Impact of a novel patient-specific, patient-matched Bezier parametric curve rod platform on proximal junction biomechanics in an in silico thoracolumbar instrumented fusion model.

Purpose: To evaluate the biomechanical performance of a novel Bezier surface-smoothed transition rod, and to compare it to conventional and stepped rods, focusing on correction capability, spinal stabilization, instrumentation and spinal loading related to risk of proximal junctional kyphosis (PJK).

Methods: A spine finite element model with patient-specific 3D spinal geometry (severe sagittal imbalance from thoracolumbar kyphosis) was used. Surgical instrumentation with five rod types was simulated: (1) constant 6.0 mm diameter, (2) stepped 6.0 mm-5.0 mm diameter, (3) Bezier 6.0 mm-5.5 mm-5.0 mm diameter, (4) constant 5.5 mm diameter, and (5) Bezier 5.5 mm-5.0 mm-4.75 mm diameter. Gravitational forces and flexion movements were simulated to compare load transfer between the spine and instrumentation.
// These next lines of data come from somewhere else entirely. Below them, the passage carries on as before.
(* Let $Q$ be a QNP, let $P=T_D(Q)$ be its direct translation, and let $\pi$ be a policy for $Q$ (and thus also for $P$). The following are equivalent: (1) $\pi$ solves $Q$; (2) $\pi$ is a strong cyclic solution of $Q$ and $\pi$ is $Q$-terminating; (3) $\pi$ is a strong cyclic solution of $P$ and $\pi$ is $P$-terminating.
   Context: A qualitative numerical problem (QNP) is a tuple $Q=\langle F,V,I,O,G\rangle$ where $F$ is a finite set of propositional variables and $V$ a finite set of numerical variables taking non-negative real values. $F$-literals are $p,\neg p$; $V$-literals are $X=0$ and $X>0$. $I$, $G$ are consistent sets of literals. Each action $a\in O$ has a precondition $Pre(a)$ (set of literals), propositional effects $\mathit{Eff}(a)$ (set of $F$-literals) and numerical effects $N(a)$ (atoms $Inc(X)$, $Dec(X)$, at most one per variable); if $Dec(X)\in N(a)$ then $X>0\in Pre(a)$. A state $s$ assigns truth values to $F$ and reals $s[X]\ge0$ to $V$; initial states satisfy $I$ under a closed-world assumption; goal states satisfy $G$. For $a$ applicable in $s$ ($s$ satisfies $Pre(a)$), $s'\in F(a,s)$ iff propositional effects are applied (others unchanged), $s'[X]>s[X]$ if $Inc(X)\in N(a)$, $s'[X]<s[X]$ if $Dec(X)\in N(a)$, $s'[X]=s[X]$ otherwise. For $\epsilon>0$, an $\epsilon$-sequence is $s_0,a_0,s_1,\dots$ with $a_i$ applicable, $s_{i+1}\in F(a_i,s_i)$ and, for all $X,i$, $s_{i+1}[X]\neq s_i[X]$ implying $|s_{i+1}[X]-s_i[X]|\ge\epsilon$ or $0=s_{i+1}[X]<s_i[X]<\epsilon$; trajectories of $Q$ are $\epsilon$-sequences for some $\epsilon>0$ (an $\epsilon$-trajectory if it starts at an initial state). The boolean state $\bar s$ is the truth valuation on atoms $p\in F$ and $X=0$. A policy is a partial map $\pi$ from states to actions with $\pi(s)=\pi(s')$ whenever $\bar s=\bar s'$; a $\pi$-trajectory has $a_i=\pi(s_i)$; it is maximal if it is infinite with no goal state, or ends at its first goal state, or ends at $s_n$ with $\pi(s_n)$ undefined or not applicable. $\pi$ solves $Q$ iff for every $\epsilon>0$ all maximal $\epsilon$-$\pi$-trajectories from initial states reach a goal state. $\pi$ is a strong cyclic solution of $Q$ iff for every $\pi$-trajectory from an initial state to $s$ there is a $\pi$-trajectory from $s$ to a goal state. $\pi$ is $Q$-terminating iff all $\pi$-trajectories from initial states are finite. $T_D(Q)$ is the FOND problem over $F\cup\{p_{X=0}:X\in V\}$ obtained by reading $X=0$ as $p_{X=0}$, $X>0$ as $\neg p_{X=0}$ in $I$, $G$, preconditions, keeping propositional effects, replacing $Inc(X)$ by the deterministic effect $\neg p_{X=0}$ and $Dec(X)$ by the nondeterministic effect $\neg p_{X=0}\mid p_{X=0}$; its states are the boolean states, it has a unique initial state, and $\pi$ acts via $\bar s\mapsto\pi(s)$. A $\pi$-trajectory of $T_D(Q)$ is a sequence with $\pi(\bar s_i)$ applicable and $\bar s_{i+1}$ a possible successor; $\pi$ is a strong cyclic solution of $T_D(Q)$ iff for every $\pi$-trajectory from the initial state to $\bar s$ there is a $\pi$-trajectory from $\bar s$ to a goal state. $Dec(X)$/$Inc(X)$ actions of $T_D(Q)$ are those coming from actions of $Q$ with $Dec(X)$/$Inc(X)$ in $N(a)$. An infinite $\pi$-trajectory of $T_D(Q)$ is terminating if for some $X\in V$, $\pi(\bar s)$ is a $Dec(X)$ action for some state $\bar s$ occurring infinitely often and $\pi(\bar s')$ is not an $Inc(X)$ action for any state occurring infinitely often. $\pi$ is $P$-terminating iff all infinite $\pi$-trajectories of $P$ from its initial state are terminating. *)

theory Defs
  imports Main "HOL-Library.Extended_Nat"
begin
(* Let $\mathsf{Ax}\subseteq\{\mathsf{N}_\Diamond,\mathsf{C}_\Diamond,\mathsf{I}_{\Diamond\Box}\}$. Then $\mathsf{CK}\oplus\mathsf{Ax}$ is sound and strongly complete with respect to the class $\mathcal{F}$ of $\mathsf{CK}$-frames satisfying ($\mathsf{A}$-suff) for each $\mathsf{A}\in\mathsf{Ax}$, i.e. $\Gamma\vdash_{\mathsf{Ax}}\varphi$ iff $\Gamma\Vdash_{\mathcal{F}}\varphi$ for all $\Gamma\subseteq\mathbf{L}$, $\varphi\in\mathbf{L}$; except that for $\mathsf{Ax}=\{\mathsf{N}_\Diamond\}$ and $\mathsf{Ax}=\{\mathsf{N}_\Diamond,\mathsf{C}_\Diamond\}$ the condition ($\mathsf{N}_\Diamond$-corr) is used in place of ($\mathsf{N}_\Diamond$-suff).
   Context: Formulas: $\mathbf{L}$ is generated from a countably infinite set of propositional variables by $\varphi ::= p \mid \bot \mid \varphi\wedge\varphi \mid \varphi\vee\varphi \mid \varphi\to\varphi \mid \Box\varphi \mid \Diamond\varphi$. Axioms: $\mathsf{K}_\Box$: $\Box(\varphi\to\psi)\to(\Box\varphi\to\Box\psi)$; $\mathsf{K}_\Diamond$: $\Box(\varphi\to\psi)\to(\Diamond\varphi\to\Diamond\psi)$; $\mathsf{N}_\Diamond$: $\Diamond\bot\to\bot$; $\mathsf{C}_\Diamond$: $\Diamond(\varphi\vee\psi)\to\Diamond\varphi\vee\Diamond\psi$; $\mathsf{I}_{\Diamond\Box}$: $(\Diamond\varphi\to\Box\psi)\to\Box(\varphi\to\psi)$. For a set $\mathsf{Ax}$ of axioms, $\mathsf{CK}\oplus\mathsf{Ax}$ is the relation $\Gamma\vdash_{\mathsf{Ax}}\varphi$ inductively generated by: (Ax) $\Gamma\vdash\varphi$ whenever $\varphi$ is a substitution instance of an axiom of a standard Hilbert axiomatisation of intuitionistic propositional logic, of $\mathsf{K}_\Box$, of $\mathsf{K}_\Diamond$, or of an element of $\mathsf{Ax}$; (El) $\Gamma\vdash\varphi$ if $\varphi\in\Gamma$; (MP) from $\Gamma\vdash\varphi$ and $\Gamma\vdash\varphi\to\psi$ infer $\Gamma\vdash\psi$; (Nec) from $\emptyset\vdash\varphi$ infer $\Gamma\vdash\Box\varphi$. A $\mathsf{CK}$-frame is a tuple $(X,e,\le,R)$ where $(X,\le)$ is a preorder, $e\in X$ is a maximal element of $(X,\le)$, and $R$ is a binary relation on $X$ with $eRx$ iff $x=e$. A valuation assigns to each variable $p$ an upset $V(p)$ with $e\in V(p)$. Forcing: $x\Vdash p$ iff $x\in V(p)$; $x\Vdash\bot$ iff $x=e$; $\wedge,\vee$ pointwise; $x\Vdash\varphi\to\psi$ iff for all $y\ge x$, $y\Vdash\varphi$ implies $y\Vdash\psi$; $x\Vdash\Box\varphi$ iff for all $y,z$ with $x\le y$ and $yRz$, $z\Vdash\varphi$; $x\Vdash\Diamond\varphi$ iff for all $y\ge x$ there is $z$ with $yRz$ and $z\Vdash\varphi$. For a class $\mathcal{F}$ of frames, $\Gamma\Vdash_{\mathcal{F}}\varphi$ means: for every frame in $\mathcal{F}$, every valuation and every world $x$, if $x$ forces all of $\Gamma$ then $x\Vdash\varphi$. Frame conditions: ($\mathsf{N}_\Diamond$-suff) for all $x$, if $xRe$ then $x=e$. ($\mathsf{N}_\Diamond$-corr) for all $x$, if $yRe$ for all $y\ge x$ then $x=e$. ($\mathsf{C}_\Diamond$-suff) for all $x$ there is $x'\ge x$ such that for all $y,z$, if $x\le y$ and $x'Rz$ then there is $w$ with $yRw$ and $z\le w$. ($\mathsf{I}_{\Diamond\Box}$-suff) for all $x,y,z$ with $xRy$ and $y\le z$ there is $u$ with $x\le u$ and $uRz$ such that for every $s\ge u$ there is $t$ with $sRt$ and $z\le t$. *)

theory Defs
  imports Main
begin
Results: All rod configurations achieved equivalent sagittal correction. Load distribution analysis showed that Bezier rods provided smoother load transitions and better offloading of proximal segments compared to constant diameter rods. The highest moment sustained by the segment adjacent to the instrumentation was observed with the constant 6 mm rod (9N.m), while the Bezier 5.5-5-4.75 mm rod showed the lowest moment (7.5Nm), indicating reduced stress of 16% on the upper adjacent vertebrae. Similarly, the Bezier rods were more effective in offloading pedicle screws up to 45% with respect to the stiffer rod construct, potentially reducing the risk of PJK.

Conclusions: The simulation analysis demonstrates Bezier rods offer promising biomechanical benefits particularly in load distribution and stress reduction at adjacent levels of long thoracolumbar instrumentation. Future efforts will focus on clinical validation and optimization of patient-specific designs.